[Source data]
▽
theorem theorem4p2:
  fixes X :: "real ^ 'p ^ 'n" and y :: "real ^ 'n" and grp :: "'p \<Rightarrow> 'g::finite"
    and gs :: 'g and lam :: real and \<beta> :: "real ^ 'p" and g :: 'g
  defines "n \<equiv> real CARD('n)"
  defines "lm \<equiv> lambda_max X y grp"
  defines "Ws \<equiv> real (grp_size grp gs)"
  defines "vbar \<equiv> X *v grp_block grp gs (transpose X *v y)"
  assumes y_centered: "(\<Sum>i\<in>UNIV. y $ i) = 0"
    and X_centered: "\<And>j. (\<Sum>i\<in>UNIV. X $ i $ j) = 0"
    and X_scaled: "\<And>j. (1 / n) * (\<Sum>i\<in>UNIV. (X $ i $ j)\<^sup>2) = 1"
    and groups_nonempty: "\<And>h. \<exists>j. grp j = h"
    and X_orth: "\<And>j k. grp j = grp k \<Longrightarrow>
                  (1 / n) * (\<Sum>i\<in>UNIV. X $ i $ j * X $ i $ k) = (if j = k then 1 else 0)"
    and gs_max: "norm (grp_block grp gs (transpose X *v y)) / (n * sqrt Ws) = lm"
    and lam_pos: "0 < lam" and lam_le: "lam \<le> lm"
    and sol: "is_group_lasso_sol X y grp lam \<beta>"
    and rule: "sqrt ((lam + lm)\<^sup>2 * (norm (grp_block grp g (transpose X *v y)))\<^sup>2
                 - 2 * (lm\<^sup>2 - lam\<^sup>2) * (grp_block grp g (transpose X *v y) \<bullet> grp_block grp g (transpose X *v vbar)) / n
                 + (lm - lam)\<^sup>2 * (norm (grp_block grp g (transpose X *v vbar)))\<^sup>2 / n\<^sup>2)
               < 2 * n * lam * lm * sqrt (real (grp_size grp g))
                 - (lm - lam) * sqrt (n * (norm y)\<^sup>2 - n\<^sup>2 * lm\<^sup>2 * Ws)"
  shows "grp_block grp g \<beta> = 0"
proof -
  have "0 < n"
    by (simp add: n_def)
  have orth: "groupwise_orthogonal X grp n"
    using X_orth \<open>0 < n\<close> by (auto simp: groupwise_orthogonal_def field_simps split: if_splits)
  have size_pos: "0 < grp_size grp h" for h
    using groups_nonempty grp_size_pos by metis
  have lm_bound: "norm (grp_block grp h (transpose X *v y)) \<le> n * lm * group_weight grp h" for h
    unfolding n_def lm_def by (rule norm_grp_block_le_lambda_max[OF size_pos])
  have lm_attained: "norm (grp_block grp gs (transpose X *v y)) = n * lm * group_weight grp gs"
    using gs_max \<open>0 < n\<close> size_pos[of gs] by (simp add: Ws_def field_simps)
  show ?thesis
    using group_lasso_screening_rule[OF orth[unfolded n_def] sol lam_pos lam_le] lm_bound lm_attained rule
    by (simp add: n_def vbar_def Ws_def)
qed

end
lemma shift_simps [simp]:
  "lam (shift p t v) = (\<lambda>j. lam p j + t * lam v j)"
  "mu (shift p t v) = (\<lambda>j. mu p j + t * mu v j)"
  "cc (shift p t v) = (\<lambda>k i. cc p k i + t * cc v k i)"
  by (simp_all add: shift_def lam_def mu_def cc_def)

lemma pt_simps [simp]: "lam (x, y, z) = x" "mu (x, y, z) = y" "cc (x, y, z) = z"
  by (simp_all add: lam_def mu_def cc_def)

lemma shift_zero [simp]: "shift p 0 v = p"
  by (simp add: shift_def lam_def mu_def cc_def)

lemma ham_vf_simps [simp]:
  "lam (ham_vf f p) = dmu f p" "mu (ham_vf f p) = (\<lambda>j. - dlam f p j)" "cc (ham_vf f p) = (\<lambda>_ _. 0)"
  by (auto simp: ham_vf_def)

lemma dmu_eq_deriv_shift: "dmu f p j = deriv (\<lambda>t. f (shift p t (\<lambda>_. 0, \<lambda>l. of_bool (l = j), \<lambda>_ _. 0))) 0"
proof -
  have "(lam p, (mu p)(j := mu p j + t), cc p) = shift p t (\<lambda>_. 0, \<lambda>l. of_bool (l = j), \<lambda>_ _. 0)" for t
    by (auto simp: shift_def)
  then show ?thesis by (simp add: dmu_def)
qed

lemma dlam_eq_deriv_shift: "dlam f p j = deriv (\<lambda>t. f (shift p t (\<lambda>l. of_bool (l = j), \<lambda>_. 0, \<lambda>_ _. 0))) 0"
proof -
  have "((lam p)(j := lam p j + t), mu p, cc p) = shift p t (\<lambda>l. of_bool (l = j), \<lambda>_. 0, \<lambda>_ _. 0)" for t
    by (auto simp: shift_def)
  then show ?thesis by (simp add: dlam_def)
qed
lemma has_sum_coh_perp_norm:
  assumes "g \<noteq> 0"
  shows "((\<lambda>n. cnj (coh_perp g n) * coh_perp g n) has_sum 1) UNIV"
proof -
  define r where "r = norm g ^ 2"
  have r: "r > 0"
    using assms unfolding r_def by simp
  have gg: "cnj g * g = of_real r"
    unfolding r_def by (metis complex_norm_square mult.commute)
  have "cnj (coh_perp g n) * coh_perp g n
          = of_real ((exp (- r) * r - 2 * exp (- r) * real n + exp (- r) / r * real n ^ 2) * r ^ n / fact n)"
    for n
  proof -
    have "cnj (coh_perp g n) * coh_perp g n
            = of_real ((real n - r)\<^sup>2 / r) * (cnj (coh g n) * coh g n)"
      unfolding coh_perp_eq[OF assms] r_def[symmetric] using gg
      by (simp add: field_simps power2_eq_square)
    also have "\<dots> = of_real ((real n - r)\<^sup>2 / r * (exp (- r) * r ^ n / fact n))"
      unfolding cnj_coh_mult_coh r_def[symmetric] by simp
    finally show ?thesis
      using r by (simp add: field_simps power2_eq_square)
  qed
  moreover have "(exp (- r) * r - 2 * exp (- r) * r + exp (- r) / r * (r\<^sup>2 + r)) * exp r = 1"
    using r by (simp add: field_simps power2_eq_square flip: exp_add)
  ultimately show ?thesis
    using has_sum_quadratic_exp_series[of "exp (- r) * r" "- 2 * exp (- r)" "exp (- r) / r" r]
    by simp
qed

lemma has_sum_coh_coh_perp:
  assumes "g \<noteq> 0"
  shows "((\<lambda>n. cnj (coh g n) * coh_perp g n) has_sum 0) UNIV"
proof -
  define r where "r = norm g ^ 2"
  have "cnj (coh g n) * coh_perp g n
          = 1 / g * of_real ((- exp (- r) * r + exp (- r) * real n + 0 * real n ^ 2) * r ^ n / fact n)"
    for n
  proof -
    have "cnj (coh g n) * coh_perp g n = 1 / g * of_real (real n - r) * (cnj (coh g n) * coh g n)"
      unfolding coh_perp_eq[OF assms] r_def by simp
    also have "\<dots> = 1 / g * of_real ((real n - r) * (exp (- r) * r ^ n / fact n))"
      unfolding cnj_coh_mult_coh r_def[symmetric] by simp
    finally show ?thesis
      by (simp add: field_simps)
  qed
  thus ?thesis
    using has_sum_cmult_right[OF has_sum_quadratic_exp_series[of "- exp (- r) * r" "exp (- r)" 0 r],
        of "1 / g"]
    by simp
qed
△
**Exercise:**
Above are the records. Copy the lines beginning at the one that has "(\<lambda>j. mu p" and ending with the one that has "(shift p t (\<lambda>l.", unchanged.

**Answer below:**
  "mu (shift p t v) = (\<lambda>j. mu p j + t * mu v j)"
  "cc (shift p t v) = (\<lambda>k i. cc p k i + t * cc v k i)"
  by (simp_all add: shift_def lam_def mu_def cc_def)

lemma pt_simps [simp]: "lam (x, y, z) = x" "mu (x, y, z) = y" "cc (x, y, z) = z"
  by (simp_all add: lam_def mu_def cc_def)

lemma shift_zero [simp]: "shift p 0 v = p"
  by (simp add: shift_def lam_def mu_def cc_def)

lemma ham_vf_simps [simp]:
  "lam (ham_vf f p) = dmu f p" "mu (ham_vf f p) = (\<lambda>j. - dlam f p j)" "cc (ham_vf f p) = (\<lambda>_ _. 0)"
  by (auto simp: ham_vf_def)

lemma dmu_eq_deriv_shift: "dmu f p j = deriv (\<lambda>t. f (shift p t (\<lambda>_. 0, \<lambda>l. of_bool (l = j), \<lambda>_ _. 0))) 0"
proof -
  have "(lam p, (mu p)(j := mu p j + t), cc p) = shift p t (\<lambda>_. 0, \<lambda>l. of_bool (l = j), \<lambda>_ _. 0)" for t
    by (auto simp: shift_def)
  then show ?thesis by (simp add: dmu_def)
qed

lemma dlam_eq_deriv_shift: "dlam f p j = deriv (\<lambda>t. f (shift p t (\<lambda>l. of_bool (l = j), \<lambda>_. 0, \<lambda>_ _. 0))) 0"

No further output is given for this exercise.